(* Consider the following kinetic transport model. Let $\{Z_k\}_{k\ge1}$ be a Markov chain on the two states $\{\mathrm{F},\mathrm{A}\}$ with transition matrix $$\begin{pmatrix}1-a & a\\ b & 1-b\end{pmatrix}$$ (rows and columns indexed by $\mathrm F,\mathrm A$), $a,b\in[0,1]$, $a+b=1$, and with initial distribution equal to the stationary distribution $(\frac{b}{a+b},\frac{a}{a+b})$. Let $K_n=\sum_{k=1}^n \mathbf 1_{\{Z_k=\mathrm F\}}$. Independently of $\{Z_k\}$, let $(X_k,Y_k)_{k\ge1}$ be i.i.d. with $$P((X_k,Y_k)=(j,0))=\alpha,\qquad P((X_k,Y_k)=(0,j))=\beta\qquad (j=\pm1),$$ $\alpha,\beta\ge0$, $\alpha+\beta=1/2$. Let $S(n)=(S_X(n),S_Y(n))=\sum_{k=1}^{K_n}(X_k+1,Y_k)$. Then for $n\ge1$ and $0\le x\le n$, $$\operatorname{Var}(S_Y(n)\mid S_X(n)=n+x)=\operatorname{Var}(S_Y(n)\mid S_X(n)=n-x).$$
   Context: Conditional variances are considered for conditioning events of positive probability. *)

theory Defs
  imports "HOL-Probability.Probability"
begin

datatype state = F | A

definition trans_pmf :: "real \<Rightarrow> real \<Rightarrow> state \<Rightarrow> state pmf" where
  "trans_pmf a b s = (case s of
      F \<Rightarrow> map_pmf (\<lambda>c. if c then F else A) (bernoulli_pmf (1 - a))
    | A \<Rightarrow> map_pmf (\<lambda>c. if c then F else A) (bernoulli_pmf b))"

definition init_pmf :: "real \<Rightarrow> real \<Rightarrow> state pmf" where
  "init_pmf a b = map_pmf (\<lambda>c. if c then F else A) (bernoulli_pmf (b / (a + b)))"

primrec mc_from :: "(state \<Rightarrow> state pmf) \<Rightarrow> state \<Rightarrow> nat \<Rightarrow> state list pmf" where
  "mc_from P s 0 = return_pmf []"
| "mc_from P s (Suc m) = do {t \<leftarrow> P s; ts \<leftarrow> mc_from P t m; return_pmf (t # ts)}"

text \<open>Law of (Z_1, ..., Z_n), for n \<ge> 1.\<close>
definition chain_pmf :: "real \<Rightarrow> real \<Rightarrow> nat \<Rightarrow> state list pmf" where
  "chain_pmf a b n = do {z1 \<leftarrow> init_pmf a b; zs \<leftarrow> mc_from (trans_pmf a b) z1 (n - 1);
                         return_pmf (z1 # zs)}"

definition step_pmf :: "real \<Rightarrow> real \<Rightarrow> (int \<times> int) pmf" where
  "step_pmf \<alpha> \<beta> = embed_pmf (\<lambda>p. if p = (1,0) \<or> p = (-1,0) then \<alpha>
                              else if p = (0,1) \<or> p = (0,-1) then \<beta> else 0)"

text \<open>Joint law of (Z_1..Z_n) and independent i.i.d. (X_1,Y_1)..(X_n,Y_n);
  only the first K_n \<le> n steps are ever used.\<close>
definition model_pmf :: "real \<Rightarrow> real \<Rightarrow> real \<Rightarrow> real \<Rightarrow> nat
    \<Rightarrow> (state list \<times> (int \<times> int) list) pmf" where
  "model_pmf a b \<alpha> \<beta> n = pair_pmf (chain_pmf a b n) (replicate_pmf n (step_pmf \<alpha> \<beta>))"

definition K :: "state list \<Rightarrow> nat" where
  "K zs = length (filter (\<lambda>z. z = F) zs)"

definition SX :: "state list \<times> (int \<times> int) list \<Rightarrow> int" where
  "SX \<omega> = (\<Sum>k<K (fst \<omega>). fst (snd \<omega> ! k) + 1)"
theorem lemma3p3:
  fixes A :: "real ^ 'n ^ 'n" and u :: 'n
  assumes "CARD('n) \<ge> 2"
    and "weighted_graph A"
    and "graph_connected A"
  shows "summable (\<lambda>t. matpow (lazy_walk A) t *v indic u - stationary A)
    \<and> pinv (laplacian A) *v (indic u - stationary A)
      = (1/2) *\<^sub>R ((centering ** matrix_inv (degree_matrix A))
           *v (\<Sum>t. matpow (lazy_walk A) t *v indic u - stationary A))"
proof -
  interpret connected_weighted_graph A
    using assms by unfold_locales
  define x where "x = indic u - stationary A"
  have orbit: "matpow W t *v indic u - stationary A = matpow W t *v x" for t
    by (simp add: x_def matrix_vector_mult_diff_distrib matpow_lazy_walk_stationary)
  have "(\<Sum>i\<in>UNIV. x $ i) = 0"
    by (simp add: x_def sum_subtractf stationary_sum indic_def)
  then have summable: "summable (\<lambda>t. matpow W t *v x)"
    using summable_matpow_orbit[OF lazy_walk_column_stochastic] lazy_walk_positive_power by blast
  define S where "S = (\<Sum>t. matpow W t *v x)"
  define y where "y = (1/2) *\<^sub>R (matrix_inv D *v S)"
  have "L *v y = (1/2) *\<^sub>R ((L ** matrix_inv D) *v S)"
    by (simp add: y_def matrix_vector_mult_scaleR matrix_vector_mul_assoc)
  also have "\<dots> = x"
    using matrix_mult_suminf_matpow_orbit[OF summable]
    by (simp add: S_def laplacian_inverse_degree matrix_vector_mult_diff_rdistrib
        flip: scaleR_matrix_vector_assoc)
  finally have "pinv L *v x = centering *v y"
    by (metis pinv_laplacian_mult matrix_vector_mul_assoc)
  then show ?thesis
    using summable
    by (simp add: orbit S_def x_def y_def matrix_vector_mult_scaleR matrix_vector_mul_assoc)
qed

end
--
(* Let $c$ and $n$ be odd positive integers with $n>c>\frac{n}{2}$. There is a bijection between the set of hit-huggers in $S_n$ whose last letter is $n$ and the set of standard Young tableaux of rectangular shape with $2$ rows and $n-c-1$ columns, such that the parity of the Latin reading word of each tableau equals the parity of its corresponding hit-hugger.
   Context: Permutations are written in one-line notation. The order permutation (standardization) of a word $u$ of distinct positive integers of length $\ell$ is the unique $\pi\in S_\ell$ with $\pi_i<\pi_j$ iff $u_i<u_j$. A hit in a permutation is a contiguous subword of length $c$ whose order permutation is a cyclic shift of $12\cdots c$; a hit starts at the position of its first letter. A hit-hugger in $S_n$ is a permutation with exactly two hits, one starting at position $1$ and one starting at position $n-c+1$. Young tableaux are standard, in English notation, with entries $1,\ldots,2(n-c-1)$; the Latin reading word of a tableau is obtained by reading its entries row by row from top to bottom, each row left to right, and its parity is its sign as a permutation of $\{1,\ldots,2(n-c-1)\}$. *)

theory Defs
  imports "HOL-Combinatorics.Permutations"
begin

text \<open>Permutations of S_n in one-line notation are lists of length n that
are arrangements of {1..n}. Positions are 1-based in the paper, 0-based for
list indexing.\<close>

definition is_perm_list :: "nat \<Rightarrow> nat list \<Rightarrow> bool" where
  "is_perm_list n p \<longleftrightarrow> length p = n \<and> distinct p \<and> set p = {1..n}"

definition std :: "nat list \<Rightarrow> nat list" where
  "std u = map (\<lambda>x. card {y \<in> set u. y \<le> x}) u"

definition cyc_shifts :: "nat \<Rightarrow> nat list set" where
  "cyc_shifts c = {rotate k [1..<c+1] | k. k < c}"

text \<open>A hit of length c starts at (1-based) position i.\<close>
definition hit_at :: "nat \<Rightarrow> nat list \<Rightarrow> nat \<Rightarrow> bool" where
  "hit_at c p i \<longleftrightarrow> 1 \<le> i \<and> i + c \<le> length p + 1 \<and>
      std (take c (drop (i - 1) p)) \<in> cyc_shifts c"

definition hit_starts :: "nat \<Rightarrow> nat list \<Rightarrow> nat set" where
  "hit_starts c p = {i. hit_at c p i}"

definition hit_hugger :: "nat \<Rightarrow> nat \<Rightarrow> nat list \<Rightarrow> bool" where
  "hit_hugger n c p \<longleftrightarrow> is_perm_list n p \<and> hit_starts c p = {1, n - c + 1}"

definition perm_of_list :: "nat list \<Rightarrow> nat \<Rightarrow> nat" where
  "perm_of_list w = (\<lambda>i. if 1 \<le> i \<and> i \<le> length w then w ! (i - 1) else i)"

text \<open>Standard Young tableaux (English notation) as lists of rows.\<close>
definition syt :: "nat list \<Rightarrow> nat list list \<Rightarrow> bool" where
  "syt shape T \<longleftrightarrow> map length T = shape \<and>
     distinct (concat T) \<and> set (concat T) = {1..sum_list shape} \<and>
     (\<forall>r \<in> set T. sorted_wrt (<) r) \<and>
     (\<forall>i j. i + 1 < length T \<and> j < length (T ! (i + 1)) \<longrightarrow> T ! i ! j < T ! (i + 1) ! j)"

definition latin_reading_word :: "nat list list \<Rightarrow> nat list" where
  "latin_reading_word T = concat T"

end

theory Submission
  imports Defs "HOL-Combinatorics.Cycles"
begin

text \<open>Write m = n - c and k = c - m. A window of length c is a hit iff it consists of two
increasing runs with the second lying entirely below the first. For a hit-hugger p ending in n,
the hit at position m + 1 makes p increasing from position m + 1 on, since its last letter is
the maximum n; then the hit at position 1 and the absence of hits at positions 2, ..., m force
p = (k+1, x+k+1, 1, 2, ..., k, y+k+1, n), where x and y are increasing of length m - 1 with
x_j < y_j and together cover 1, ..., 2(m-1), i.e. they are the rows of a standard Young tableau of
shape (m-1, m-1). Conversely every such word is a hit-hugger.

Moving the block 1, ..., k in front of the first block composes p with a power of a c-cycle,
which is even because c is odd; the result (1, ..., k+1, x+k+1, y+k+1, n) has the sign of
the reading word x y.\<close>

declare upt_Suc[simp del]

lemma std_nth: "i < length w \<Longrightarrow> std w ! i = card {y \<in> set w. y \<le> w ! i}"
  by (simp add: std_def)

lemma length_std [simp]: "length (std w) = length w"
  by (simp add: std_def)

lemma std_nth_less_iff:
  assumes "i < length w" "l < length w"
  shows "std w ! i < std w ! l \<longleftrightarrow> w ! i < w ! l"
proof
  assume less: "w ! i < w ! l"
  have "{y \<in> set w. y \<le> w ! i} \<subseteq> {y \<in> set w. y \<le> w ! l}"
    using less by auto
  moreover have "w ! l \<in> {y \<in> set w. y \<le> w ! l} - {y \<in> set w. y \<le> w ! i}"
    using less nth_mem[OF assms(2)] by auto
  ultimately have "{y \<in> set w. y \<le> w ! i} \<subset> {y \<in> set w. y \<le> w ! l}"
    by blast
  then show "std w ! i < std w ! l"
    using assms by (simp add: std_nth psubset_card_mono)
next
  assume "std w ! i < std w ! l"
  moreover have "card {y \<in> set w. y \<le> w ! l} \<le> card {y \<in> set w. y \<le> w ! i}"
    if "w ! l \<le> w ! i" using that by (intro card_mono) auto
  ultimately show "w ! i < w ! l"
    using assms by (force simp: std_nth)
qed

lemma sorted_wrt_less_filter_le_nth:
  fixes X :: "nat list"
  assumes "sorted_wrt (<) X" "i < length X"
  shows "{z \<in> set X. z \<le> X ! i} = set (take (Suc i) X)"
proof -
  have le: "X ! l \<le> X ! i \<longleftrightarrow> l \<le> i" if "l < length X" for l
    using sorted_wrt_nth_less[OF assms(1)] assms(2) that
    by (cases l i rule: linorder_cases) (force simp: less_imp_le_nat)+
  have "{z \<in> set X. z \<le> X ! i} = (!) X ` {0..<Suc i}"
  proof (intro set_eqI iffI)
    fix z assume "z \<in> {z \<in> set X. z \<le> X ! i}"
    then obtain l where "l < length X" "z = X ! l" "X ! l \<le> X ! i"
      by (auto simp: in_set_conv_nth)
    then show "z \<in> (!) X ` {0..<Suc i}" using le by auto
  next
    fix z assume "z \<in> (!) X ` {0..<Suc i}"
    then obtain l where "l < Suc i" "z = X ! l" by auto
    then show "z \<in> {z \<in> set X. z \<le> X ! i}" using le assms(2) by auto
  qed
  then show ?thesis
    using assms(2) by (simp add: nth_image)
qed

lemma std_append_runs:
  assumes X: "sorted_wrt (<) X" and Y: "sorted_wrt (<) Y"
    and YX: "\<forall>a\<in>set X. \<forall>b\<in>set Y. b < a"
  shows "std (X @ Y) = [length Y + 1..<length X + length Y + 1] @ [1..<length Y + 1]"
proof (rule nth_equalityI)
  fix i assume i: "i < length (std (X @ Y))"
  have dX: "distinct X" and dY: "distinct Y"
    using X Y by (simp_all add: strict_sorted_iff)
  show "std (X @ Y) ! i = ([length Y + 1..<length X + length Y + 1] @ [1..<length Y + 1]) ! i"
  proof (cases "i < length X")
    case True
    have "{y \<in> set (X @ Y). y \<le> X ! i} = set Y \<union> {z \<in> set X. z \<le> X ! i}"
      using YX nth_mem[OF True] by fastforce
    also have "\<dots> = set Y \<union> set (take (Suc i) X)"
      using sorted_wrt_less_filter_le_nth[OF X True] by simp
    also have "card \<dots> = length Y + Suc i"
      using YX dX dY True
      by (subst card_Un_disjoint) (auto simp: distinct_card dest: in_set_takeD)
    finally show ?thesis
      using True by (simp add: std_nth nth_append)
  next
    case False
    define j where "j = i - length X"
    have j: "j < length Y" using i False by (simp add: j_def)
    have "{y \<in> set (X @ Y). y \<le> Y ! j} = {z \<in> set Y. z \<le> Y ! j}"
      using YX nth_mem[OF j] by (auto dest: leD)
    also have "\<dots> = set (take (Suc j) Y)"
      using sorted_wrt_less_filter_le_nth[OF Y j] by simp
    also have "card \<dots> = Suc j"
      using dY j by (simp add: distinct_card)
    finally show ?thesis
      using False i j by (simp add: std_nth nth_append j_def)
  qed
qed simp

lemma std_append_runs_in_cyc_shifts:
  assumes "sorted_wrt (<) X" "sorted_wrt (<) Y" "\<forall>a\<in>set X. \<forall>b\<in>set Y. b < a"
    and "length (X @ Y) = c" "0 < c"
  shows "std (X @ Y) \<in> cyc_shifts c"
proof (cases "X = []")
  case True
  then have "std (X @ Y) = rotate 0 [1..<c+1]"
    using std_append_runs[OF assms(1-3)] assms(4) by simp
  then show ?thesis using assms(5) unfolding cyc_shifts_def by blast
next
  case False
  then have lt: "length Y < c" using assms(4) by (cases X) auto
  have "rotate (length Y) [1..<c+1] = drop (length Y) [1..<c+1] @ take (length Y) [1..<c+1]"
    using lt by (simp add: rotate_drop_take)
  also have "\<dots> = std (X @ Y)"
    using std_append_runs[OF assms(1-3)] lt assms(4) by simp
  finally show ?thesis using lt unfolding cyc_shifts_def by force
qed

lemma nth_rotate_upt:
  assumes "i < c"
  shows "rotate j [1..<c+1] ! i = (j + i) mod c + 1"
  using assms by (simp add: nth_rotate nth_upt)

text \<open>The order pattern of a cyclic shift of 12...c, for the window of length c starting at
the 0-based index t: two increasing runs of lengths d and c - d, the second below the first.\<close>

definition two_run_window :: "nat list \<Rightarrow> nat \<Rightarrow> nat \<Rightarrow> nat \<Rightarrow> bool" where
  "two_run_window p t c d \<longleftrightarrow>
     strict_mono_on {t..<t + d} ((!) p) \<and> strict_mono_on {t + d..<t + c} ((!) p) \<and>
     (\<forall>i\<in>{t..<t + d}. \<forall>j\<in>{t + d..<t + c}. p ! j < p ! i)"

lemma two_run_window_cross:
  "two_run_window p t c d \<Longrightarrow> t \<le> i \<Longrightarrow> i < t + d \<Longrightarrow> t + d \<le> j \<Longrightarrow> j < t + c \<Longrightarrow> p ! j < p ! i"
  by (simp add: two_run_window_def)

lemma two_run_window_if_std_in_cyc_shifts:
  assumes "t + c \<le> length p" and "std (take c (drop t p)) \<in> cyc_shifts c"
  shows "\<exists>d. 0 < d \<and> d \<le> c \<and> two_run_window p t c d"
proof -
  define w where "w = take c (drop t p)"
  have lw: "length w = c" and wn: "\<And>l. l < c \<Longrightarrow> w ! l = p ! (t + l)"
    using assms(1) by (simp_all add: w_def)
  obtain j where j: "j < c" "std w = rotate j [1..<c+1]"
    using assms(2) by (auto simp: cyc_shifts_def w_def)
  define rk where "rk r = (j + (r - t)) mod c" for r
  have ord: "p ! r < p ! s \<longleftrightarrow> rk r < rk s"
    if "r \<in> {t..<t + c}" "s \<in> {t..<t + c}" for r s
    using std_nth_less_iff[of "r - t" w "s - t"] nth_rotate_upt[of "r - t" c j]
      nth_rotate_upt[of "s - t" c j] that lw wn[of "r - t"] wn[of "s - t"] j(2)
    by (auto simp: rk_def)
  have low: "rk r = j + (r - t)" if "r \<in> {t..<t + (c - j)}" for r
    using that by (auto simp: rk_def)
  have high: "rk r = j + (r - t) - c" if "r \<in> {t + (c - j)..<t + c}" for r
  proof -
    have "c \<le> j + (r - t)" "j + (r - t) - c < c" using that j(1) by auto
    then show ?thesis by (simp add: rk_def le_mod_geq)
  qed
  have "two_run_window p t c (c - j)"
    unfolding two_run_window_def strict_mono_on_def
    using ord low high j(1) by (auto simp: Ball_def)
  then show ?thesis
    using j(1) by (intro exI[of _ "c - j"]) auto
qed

**Work instructions**. From the material above, copy exactly the lines between the line holding "(\<forall>r \<in> set" and the line holding "p = (k+1, x+k+1, 1, 2, ..., k, y+k+1, n), where", inclusive, and only those.

**Worked solution**.
     (\<forall>r \<in> set T. sorted_wrt (<) r) \<and>
     (\<forall>i j. i + 1 < length T \<and> j < length (T ! (i + 1)) \<longrightarrow> T ! i ! j < T ! (i + 1) ! j)"

definition latin_reading_word :: "nat list list \<Rightarrow> nat list" where
  "latin_reading_word T = concat T"

end

theory Submission
  imports Defs "HOL-Combinatorics.Cycles"
begin

text \<open>Write m = n - c and k = c - m. A window of length c is a hit iff it consists of two
increasing runs with the second lying entirely below the first. For a hit-hugger p ending in n,
the hit at position m + 1 makes p increasing from position m + 1 on, since its last letter is
the maximum n; then the hit at position 1 and the absence of hits at positions 2, ..., m force
p = (k+1, x+k+1, 1, 2, ..., k, y+k+1, n), where x and y are increasing of length m - 1 with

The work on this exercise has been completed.